- **WORK TASK**
Copy exactly the stretch of data below from the line with "with False show ?thesis by (simp add: exprel_def field_simps)" through the line with "case 1 with", including both of those lines.

── SOURCE INFORMATION

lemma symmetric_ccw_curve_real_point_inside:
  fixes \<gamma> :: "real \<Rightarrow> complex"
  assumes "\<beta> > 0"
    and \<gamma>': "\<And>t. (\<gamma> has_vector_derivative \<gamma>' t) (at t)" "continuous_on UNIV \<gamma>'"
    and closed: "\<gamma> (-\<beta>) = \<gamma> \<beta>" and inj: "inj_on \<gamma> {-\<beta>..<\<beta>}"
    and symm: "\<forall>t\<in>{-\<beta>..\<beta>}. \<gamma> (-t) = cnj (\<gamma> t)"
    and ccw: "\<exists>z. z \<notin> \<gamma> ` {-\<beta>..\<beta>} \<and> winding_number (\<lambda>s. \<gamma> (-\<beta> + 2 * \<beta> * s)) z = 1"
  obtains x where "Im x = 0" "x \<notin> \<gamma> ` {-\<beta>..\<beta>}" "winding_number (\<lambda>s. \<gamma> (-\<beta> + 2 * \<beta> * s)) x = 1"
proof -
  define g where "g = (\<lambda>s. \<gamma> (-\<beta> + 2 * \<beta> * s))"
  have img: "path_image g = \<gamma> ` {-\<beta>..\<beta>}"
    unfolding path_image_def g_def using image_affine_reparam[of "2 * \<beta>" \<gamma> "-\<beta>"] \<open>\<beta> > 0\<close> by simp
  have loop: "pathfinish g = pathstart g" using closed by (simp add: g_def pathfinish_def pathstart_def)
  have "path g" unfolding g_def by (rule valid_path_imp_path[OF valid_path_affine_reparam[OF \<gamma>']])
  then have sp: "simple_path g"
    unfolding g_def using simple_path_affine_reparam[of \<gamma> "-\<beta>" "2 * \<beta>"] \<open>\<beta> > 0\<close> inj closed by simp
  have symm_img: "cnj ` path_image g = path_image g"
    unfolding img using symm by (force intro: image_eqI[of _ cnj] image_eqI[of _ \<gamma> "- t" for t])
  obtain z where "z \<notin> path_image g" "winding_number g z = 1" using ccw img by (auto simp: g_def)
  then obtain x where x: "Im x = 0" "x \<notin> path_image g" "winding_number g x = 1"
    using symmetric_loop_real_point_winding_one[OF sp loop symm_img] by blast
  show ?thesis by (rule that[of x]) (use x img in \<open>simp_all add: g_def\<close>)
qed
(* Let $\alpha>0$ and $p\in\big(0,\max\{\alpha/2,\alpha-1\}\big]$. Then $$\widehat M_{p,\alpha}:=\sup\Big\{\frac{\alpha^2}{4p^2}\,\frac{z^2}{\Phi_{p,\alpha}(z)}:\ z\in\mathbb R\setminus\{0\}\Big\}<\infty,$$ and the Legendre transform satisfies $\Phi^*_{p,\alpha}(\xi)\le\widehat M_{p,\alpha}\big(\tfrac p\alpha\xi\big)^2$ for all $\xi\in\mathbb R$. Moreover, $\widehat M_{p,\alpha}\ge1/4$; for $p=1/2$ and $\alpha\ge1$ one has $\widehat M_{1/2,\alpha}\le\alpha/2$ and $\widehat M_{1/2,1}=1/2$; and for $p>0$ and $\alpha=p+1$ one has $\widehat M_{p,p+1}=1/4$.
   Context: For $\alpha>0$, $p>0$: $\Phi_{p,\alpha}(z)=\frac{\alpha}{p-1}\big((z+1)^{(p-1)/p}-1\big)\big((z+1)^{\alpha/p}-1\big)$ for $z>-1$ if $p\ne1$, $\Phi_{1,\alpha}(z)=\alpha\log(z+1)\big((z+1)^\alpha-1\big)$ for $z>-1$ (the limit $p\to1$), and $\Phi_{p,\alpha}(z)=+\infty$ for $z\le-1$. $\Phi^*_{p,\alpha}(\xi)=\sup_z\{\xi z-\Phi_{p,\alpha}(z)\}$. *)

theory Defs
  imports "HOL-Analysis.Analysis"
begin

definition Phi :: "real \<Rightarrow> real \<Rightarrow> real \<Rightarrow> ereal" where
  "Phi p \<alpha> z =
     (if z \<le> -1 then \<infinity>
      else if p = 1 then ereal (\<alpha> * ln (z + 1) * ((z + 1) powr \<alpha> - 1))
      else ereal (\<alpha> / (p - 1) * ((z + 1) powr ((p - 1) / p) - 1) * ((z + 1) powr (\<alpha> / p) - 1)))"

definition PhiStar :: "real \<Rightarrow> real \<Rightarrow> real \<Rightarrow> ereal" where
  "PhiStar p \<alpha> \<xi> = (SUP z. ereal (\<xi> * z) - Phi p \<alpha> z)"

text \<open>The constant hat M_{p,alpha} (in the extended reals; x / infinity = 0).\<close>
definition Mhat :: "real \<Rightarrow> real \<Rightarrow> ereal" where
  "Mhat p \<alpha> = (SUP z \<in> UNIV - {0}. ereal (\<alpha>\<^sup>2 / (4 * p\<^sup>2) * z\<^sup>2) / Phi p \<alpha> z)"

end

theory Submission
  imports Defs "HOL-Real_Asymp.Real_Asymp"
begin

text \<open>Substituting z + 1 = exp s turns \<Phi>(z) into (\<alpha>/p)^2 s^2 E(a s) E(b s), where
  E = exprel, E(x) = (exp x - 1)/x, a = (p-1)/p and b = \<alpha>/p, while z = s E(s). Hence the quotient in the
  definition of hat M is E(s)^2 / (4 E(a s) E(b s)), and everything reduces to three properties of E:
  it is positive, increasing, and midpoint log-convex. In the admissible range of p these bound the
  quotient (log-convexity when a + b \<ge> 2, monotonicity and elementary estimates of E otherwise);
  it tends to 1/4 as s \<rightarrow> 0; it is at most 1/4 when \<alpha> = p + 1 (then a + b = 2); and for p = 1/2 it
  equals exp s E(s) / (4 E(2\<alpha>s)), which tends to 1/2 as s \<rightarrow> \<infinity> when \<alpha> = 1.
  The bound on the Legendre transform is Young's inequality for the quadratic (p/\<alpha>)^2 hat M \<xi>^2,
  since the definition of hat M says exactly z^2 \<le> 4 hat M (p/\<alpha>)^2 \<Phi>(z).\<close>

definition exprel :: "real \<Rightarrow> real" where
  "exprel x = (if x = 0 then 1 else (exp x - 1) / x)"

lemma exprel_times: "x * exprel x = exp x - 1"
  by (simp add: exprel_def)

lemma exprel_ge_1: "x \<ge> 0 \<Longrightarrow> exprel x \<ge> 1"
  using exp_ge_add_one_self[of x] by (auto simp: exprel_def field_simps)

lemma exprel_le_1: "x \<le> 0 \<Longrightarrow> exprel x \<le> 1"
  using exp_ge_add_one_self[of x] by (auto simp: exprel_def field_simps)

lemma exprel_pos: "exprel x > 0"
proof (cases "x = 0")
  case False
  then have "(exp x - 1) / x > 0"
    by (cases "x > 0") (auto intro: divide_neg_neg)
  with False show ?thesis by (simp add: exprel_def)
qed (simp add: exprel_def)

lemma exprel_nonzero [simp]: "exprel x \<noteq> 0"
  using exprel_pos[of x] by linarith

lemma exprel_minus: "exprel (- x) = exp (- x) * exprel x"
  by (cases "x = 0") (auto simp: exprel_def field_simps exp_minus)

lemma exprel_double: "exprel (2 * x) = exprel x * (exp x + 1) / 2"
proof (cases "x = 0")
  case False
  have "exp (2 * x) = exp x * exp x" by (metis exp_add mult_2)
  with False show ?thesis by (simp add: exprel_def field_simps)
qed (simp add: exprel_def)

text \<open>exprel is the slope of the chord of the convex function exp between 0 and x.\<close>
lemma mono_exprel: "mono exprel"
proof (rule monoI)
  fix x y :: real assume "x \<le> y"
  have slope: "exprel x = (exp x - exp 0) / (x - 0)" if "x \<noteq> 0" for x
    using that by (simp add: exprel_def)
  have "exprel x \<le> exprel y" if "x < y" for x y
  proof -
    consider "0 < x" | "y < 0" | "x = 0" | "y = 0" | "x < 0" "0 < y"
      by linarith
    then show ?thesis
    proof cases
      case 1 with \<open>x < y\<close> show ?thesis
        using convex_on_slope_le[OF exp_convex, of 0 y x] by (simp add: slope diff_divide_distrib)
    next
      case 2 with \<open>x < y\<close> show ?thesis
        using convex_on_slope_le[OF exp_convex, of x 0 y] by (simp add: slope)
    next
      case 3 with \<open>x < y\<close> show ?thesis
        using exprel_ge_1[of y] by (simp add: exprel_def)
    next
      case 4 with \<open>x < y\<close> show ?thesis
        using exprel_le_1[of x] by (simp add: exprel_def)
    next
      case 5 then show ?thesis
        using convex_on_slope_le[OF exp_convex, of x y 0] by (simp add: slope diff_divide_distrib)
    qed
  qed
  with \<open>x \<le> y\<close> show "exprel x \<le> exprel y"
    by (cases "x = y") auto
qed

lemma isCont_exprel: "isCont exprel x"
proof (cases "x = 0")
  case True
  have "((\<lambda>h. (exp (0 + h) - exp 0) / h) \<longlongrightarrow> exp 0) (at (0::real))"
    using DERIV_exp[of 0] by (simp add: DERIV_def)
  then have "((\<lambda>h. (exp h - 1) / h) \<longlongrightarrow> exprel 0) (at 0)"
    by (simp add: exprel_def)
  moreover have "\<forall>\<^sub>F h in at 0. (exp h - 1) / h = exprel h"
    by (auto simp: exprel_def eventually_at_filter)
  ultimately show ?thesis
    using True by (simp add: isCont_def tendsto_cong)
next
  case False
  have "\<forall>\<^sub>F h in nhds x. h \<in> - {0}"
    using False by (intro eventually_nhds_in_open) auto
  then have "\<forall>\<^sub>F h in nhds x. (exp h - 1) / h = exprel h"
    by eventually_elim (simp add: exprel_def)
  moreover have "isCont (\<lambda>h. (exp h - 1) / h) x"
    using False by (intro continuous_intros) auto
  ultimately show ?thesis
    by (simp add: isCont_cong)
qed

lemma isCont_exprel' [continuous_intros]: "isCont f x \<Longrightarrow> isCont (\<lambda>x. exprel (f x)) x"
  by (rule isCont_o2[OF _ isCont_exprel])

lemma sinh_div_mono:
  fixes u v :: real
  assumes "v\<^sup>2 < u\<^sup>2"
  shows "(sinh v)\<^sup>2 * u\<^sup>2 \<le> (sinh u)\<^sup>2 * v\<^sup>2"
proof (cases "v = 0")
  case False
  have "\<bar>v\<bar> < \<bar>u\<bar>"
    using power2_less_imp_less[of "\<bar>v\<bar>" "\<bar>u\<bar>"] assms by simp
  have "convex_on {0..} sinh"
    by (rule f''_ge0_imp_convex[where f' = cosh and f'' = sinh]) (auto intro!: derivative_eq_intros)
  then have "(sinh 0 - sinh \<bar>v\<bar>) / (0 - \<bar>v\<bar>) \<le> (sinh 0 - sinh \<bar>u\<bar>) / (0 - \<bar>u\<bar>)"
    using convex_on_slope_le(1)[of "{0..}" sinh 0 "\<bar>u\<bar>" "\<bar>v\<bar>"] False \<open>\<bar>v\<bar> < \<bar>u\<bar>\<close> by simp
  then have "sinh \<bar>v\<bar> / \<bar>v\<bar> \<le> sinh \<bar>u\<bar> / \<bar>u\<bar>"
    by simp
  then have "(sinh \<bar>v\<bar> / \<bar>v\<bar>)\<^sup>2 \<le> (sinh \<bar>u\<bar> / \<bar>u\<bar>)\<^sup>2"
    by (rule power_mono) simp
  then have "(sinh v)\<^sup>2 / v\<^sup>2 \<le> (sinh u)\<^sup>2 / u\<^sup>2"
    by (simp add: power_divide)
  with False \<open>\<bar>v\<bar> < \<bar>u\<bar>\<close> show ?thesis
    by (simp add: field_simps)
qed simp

────
── SOURCE INFORMATION

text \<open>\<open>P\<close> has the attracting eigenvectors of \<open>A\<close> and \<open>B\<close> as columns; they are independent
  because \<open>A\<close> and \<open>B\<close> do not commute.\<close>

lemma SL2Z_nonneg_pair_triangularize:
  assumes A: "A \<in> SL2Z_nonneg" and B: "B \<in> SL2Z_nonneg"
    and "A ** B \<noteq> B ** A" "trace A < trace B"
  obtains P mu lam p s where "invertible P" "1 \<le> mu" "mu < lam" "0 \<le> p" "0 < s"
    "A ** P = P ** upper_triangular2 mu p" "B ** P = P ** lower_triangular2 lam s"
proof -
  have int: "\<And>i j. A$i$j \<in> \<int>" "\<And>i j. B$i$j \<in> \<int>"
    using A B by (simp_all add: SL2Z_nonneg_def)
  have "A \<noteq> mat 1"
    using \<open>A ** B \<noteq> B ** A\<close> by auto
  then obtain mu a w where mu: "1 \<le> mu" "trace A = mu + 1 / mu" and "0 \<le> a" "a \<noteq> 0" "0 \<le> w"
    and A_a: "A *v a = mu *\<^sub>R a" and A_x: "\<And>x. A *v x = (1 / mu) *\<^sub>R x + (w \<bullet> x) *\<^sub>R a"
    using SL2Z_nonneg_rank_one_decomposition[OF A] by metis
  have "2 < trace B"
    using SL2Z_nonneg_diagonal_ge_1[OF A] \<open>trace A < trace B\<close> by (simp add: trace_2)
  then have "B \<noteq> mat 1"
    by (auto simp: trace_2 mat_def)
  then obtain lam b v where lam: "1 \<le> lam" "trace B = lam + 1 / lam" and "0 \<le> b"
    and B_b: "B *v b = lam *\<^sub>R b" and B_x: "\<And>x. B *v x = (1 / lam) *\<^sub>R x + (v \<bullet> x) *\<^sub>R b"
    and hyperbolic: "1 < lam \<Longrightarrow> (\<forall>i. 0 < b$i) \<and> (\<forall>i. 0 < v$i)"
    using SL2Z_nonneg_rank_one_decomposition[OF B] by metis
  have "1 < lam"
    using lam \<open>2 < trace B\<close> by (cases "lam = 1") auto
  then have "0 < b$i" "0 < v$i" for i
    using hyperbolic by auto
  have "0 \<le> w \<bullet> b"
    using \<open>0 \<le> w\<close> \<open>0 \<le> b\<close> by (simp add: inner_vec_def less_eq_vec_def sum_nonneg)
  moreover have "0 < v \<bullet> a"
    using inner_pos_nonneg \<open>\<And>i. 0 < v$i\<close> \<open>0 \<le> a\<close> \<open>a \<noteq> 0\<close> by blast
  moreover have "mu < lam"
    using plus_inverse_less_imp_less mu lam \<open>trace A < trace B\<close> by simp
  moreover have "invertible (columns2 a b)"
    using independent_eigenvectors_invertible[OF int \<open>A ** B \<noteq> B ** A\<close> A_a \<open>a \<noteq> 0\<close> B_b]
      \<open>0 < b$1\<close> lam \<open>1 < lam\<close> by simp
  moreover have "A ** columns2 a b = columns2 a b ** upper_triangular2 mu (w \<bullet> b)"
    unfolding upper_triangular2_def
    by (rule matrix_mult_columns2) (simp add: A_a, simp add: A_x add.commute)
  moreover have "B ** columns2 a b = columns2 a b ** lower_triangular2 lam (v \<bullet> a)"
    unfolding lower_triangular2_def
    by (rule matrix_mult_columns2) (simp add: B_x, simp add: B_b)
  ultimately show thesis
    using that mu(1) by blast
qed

────

- **RESULT**
  with False show ?thesis by (simp add: exprel_def field_simps)
qed (simp add: exprel_def)

text \<open>exprel is the slope of the chord of the convex function exp between 0 and x.\<close>
lemma mono_exprel: "mono exprel"
proof (rule monoI)
  fix x y :: real assume "x \<le> y"
  have slope: "exprel x = (exp x - exp 0) / (x - 0)" if "x \<noteq> 0" for x
    using that by (simp add: exprel_def)
  have "exprel x \<le> exprel y" if "x < y" for x y
  proof -
    consider "0 < x" | "y < 0" | "x = 0" | "y = 0" | "x < 0" "0 < y"
      by linarith
    then show ?thesis
    proof cases
      case 1 with \<open>x < y\<close> show ?thesis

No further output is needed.